__About this task__. Find "text \<open>A firm" and "are characterised by" in the records below. Copy the lines holding them and every line between, exactly, and no others.

__Records shown__.
[Start of Attachment]

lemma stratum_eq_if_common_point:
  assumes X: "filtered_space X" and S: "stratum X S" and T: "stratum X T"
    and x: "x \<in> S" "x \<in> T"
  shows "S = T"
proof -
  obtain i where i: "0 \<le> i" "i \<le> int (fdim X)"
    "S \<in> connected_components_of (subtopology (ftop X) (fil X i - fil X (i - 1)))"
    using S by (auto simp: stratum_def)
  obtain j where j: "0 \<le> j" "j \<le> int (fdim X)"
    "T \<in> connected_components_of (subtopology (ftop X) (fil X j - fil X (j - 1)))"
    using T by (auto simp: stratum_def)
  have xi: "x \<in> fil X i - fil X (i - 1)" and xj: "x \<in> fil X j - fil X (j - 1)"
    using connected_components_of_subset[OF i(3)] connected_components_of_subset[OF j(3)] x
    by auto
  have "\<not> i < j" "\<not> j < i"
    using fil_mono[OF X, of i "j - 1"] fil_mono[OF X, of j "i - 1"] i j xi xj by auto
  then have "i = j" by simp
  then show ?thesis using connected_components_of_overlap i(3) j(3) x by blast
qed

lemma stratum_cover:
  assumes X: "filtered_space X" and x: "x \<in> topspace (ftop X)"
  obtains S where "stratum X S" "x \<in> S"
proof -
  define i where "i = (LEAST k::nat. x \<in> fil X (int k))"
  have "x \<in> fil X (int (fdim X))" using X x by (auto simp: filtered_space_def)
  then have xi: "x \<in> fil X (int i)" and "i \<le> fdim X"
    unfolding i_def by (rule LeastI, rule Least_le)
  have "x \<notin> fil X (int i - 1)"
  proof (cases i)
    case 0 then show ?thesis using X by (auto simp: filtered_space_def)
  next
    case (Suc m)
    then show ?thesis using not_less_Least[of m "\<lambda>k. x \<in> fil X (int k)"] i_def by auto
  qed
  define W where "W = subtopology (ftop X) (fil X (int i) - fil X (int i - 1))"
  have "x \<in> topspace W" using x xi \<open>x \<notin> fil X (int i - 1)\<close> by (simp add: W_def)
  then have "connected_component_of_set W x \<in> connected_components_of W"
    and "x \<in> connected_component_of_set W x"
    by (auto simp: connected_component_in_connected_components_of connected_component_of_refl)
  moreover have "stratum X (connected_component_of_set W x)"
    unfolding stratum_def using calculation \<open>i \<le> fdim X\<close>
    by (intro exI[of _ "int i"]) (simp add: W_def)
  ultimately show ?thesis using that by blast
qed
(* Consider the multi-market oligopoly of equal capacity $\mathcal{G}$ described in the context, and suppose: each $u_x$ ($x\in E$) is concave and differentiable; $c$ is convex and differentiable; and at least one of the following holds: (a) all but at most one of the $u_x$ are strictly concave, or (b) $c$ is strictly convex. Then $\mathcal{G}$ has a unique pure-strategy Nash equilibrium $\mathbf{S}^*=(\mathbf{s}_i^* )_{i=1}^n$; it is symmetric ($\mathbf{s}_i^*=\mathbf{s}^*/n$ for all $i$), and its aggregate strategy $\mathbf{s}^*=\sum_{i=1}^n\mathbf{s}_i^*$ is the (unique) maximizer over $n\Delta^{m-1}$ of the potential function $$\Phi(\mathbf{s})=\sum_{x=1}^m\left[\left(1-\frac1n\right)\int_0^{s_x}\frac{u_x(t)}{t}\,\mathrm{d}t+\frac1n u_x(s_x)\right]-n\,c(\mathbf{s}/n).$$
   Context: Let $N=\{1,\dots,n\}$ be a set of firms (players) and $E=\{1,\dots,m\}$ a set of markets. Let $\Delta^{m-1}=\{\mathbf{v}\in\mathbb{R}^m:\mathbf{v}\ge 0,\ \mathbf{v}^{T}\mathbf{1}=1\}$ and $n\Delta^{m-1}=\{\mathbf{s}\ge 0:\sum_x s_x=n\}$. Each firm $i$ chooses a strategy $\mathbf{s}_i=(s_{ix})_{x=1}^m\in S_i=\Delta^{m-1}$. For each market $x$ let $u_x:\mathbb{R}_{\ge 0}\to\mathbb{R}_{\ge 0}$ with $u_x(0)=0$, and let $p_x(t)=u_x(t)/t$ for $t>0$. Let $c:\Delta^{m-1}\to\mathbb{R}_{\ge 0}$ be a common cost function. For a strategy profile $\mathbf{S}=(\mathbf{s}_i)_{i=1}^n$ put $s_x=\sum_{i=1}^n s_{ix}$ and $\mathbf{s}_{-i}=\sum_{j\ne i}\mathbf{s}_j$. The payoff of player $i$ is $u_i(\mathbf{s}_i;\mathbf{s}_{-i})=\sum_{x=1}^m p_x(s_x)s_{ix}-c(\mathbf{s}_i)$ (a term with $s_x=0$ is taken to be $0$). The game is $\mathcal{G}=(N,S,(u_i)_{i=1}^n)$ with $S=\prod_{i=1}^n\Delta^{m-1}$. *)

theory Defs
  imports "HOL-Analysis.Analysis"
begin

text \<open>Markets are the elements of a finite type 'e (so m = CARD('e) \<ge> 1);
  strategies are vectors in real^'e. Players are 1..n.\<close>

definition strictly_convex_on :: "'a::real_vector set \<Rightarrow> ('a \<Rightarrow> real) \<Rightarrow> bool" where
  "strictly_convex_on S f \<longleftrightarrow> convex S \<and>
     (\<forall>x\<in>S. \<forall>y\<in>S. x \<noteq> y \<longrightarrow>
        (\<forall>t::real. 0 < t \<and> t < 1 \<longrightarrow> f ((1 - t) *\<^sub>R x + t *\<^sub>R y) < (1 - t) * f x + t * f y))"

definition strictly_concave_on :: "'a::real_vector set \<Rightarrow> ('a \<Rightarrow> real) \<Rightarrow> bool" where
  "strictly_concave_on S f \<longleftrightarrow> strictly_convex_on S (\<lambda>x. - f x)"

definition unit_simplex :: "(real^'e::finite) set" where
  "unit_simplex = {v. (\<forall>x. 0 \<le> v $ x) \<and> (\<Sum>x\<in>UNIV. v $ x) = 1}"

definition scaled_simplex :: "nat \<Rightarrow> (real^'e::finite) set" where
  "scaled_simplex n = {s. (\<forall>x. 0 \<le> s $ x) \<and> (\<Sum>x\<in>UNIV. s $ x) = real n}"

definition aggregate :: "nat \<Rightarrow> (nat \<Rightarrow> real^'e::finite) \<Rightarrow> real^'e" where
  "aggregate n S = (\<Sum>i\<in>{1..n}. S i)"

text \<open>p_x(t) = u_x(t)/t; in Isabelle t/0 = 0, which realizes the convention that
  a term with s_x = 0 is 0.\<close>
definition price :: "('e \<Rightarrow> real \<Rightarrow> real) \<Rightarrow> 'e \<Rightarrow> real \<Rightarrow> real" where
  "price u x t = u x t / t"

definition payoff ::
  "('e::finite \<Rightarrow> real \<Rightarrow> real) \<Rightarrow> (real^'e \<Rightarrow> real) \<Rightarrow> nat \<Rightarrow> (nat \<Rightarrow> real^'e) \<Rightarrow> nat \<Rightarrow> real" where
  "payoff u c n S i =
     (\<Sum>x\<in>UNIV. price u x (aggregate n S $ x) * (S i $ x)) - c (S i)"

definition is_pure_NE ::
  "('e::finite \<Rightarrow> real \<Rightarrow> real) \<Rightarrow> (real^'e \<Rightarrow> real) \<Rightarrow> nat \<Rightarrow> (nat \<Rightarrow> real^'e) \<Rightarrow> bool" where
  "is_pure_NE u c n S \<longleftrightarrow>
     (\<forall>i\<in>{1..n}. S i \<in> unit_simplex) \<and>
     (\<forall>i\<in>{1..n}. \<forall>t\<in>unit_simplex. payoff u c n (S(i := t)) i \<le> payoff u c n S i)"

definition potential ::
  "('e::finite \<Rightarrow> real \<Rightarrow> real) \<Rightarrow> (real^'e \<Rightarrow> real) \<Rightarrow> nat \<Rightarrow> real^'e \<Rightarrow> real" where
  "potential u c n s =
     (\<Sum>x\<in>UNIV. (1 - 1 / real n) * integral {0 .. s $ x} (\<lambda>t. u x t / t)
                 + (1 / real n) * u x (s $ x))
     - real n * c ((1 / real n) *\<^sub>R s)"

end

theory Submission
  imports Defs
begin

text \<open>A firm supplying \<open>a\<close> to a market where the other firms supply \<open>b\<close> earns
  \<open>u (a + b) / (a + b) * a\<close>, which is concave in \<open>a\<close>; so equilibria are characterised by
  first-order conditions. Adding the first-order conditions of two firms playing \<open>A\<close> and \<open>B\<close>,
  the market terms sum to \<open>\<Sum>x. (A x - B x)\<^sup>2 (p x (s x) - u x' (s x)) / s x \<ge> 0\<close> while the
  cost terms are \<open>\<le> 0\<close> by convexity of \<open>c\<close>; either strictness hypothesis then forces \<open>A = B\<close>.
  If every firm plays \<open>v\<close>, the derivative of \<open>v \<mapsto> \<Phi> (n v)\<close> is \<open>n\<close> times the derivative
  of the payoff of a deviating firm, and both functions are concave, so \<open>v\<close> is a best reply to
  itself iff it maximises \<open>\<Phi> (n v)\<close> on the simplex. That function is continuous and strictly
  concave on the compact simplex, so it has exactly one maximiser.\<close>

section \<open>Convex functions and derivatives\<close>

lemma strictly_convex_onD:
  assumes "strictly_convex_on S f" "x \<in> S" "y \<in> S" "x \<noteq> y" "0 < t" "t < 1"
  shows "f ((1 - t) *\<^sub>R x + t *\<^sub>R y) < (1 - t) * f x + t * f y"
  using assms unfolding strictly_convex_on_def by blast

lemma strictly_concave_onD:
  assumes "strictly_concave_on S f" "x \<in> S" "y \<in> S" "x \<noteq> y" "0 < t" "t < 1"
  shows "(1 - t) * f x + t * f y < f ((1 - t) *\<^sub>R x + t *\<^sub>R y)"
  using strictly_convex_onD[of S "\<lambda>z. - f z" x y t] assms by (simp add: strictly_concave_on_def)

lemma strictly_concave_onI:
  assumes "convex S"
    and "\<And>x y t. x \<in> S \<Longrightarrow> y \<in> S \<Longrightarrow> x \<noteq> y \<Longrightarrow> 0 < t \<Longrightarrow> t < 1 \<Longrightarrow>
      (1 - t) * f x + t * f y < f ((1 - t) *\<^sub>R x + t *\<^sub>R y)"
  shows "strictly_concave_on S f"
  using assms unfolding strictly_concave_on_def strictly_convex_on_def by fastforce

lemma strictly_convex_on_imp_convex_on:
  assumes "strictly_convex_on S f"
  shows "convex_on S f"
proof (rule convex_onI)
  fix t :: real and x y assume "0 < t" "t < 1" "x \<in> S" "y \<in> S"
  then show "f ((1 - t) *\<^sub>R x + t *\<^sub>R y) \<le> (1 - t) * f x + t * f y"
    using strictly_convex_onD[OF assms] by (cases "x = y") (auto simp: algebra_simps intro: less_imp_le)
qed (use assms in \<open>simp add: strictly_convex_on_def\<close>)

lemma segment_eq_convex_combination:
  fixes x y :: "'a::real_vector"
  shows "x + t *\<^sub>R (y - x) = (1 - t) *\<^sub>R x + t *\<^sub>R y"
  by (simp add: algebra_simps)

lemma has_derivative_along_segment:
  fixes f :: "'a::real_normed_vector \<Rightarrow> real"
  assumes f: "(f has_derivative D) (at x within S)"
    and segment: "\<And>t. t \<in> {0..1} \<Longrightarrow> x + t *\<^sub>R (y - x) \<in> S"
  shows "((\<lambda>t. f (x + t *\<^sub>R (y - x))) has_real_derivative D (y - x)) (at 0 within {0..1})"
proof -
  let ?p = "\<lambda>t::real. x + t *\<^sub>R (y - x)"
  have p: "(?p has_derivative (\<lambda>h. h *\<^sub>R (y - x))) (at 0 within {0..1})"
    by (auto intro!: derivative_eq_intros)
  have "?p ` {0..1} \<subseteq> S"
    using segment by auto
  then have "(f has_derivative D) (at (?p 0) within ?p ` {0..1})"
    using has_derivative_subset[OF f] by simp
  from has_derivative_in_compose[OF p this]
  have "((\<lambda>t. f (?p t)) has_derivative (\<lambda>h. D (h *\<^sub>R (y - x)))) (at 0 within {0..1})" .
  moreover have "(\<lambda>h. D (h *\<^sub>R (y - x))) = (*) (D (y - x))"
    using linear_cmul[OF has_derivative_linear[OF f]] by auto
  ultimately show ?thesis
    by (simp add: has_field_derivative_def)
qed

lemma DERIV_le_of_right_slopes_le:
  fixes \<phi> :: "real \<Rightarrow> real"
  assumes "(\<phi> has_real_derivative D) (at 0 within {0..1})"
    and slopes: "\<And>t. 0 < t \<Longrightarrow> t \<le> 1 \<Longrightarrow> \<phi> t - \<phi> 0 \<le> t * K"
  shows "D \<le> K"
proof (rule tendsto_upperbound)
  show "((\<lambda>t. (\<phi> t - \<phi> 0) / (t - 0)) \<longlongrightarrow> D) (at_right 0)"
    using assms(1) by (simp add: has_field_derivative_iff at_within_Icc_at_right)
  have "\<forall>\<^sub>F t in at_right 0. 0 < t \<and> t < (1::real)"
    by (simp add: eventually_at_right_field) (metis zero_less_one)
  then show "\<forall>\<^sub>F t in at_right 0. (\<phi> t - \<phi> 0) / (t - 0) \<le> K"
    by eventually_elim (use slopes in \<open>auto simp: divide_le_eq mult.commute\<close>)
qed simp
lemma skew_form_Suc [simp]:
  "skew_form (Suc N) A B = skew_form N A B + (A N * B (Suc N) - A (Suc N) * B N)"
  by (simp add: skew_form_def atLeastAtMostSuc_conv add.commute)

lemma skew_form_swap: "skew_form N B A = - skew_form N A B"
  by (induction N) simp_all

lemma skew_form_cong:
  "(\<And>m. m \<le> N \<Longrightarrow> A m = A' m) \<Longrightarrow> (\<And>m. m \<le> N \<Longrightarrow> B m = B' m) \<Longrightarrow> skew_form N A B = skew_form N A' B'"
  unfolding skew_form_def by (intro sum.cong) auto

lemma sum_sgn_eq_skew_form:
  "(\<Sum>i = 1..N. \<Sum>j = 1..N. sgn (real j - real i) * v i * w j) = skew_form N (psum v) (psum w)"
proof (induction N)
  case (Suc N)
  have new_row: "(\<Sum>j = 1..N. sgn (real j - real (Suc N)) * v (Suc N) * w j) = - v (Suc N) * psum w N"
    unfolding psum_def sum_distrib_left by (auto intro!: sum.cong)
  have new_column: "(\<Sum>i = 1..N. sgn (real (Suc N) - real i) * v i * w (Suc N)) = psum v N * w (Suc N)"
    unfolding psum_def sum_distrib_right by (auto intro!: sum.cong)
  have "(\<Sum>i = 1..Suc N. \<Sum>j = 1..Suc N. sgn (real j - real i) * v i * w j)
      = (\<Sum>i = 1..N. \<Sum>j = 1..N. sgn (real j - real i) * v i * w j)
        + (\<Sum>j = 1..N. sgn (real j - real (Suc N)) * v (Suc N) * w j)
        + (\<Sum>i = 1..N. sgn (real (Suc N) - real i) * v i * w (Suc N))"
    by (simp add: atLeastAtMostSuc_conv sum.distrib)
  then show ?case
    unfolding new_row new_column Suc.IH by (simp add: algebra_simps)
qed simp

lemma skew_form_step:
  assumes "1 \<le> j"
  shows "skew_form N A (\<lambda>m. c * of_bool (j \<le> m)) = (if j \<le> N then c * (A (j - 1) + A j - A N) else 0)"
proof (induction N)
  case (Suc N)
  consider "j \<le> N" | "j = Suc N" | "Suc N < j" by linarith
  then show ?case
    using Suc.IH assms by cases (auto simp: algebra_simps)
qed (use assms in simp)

[End of Attachment]

__Task result__.
text \<open>A firm supplying \<open>a\<close> to a market where the other firms supply \<open>b\<close> earns
  \<open>u (a + b) / (a + b) * a\<close>, which is concave in \<open>a\<close>; so equilibria are characterised by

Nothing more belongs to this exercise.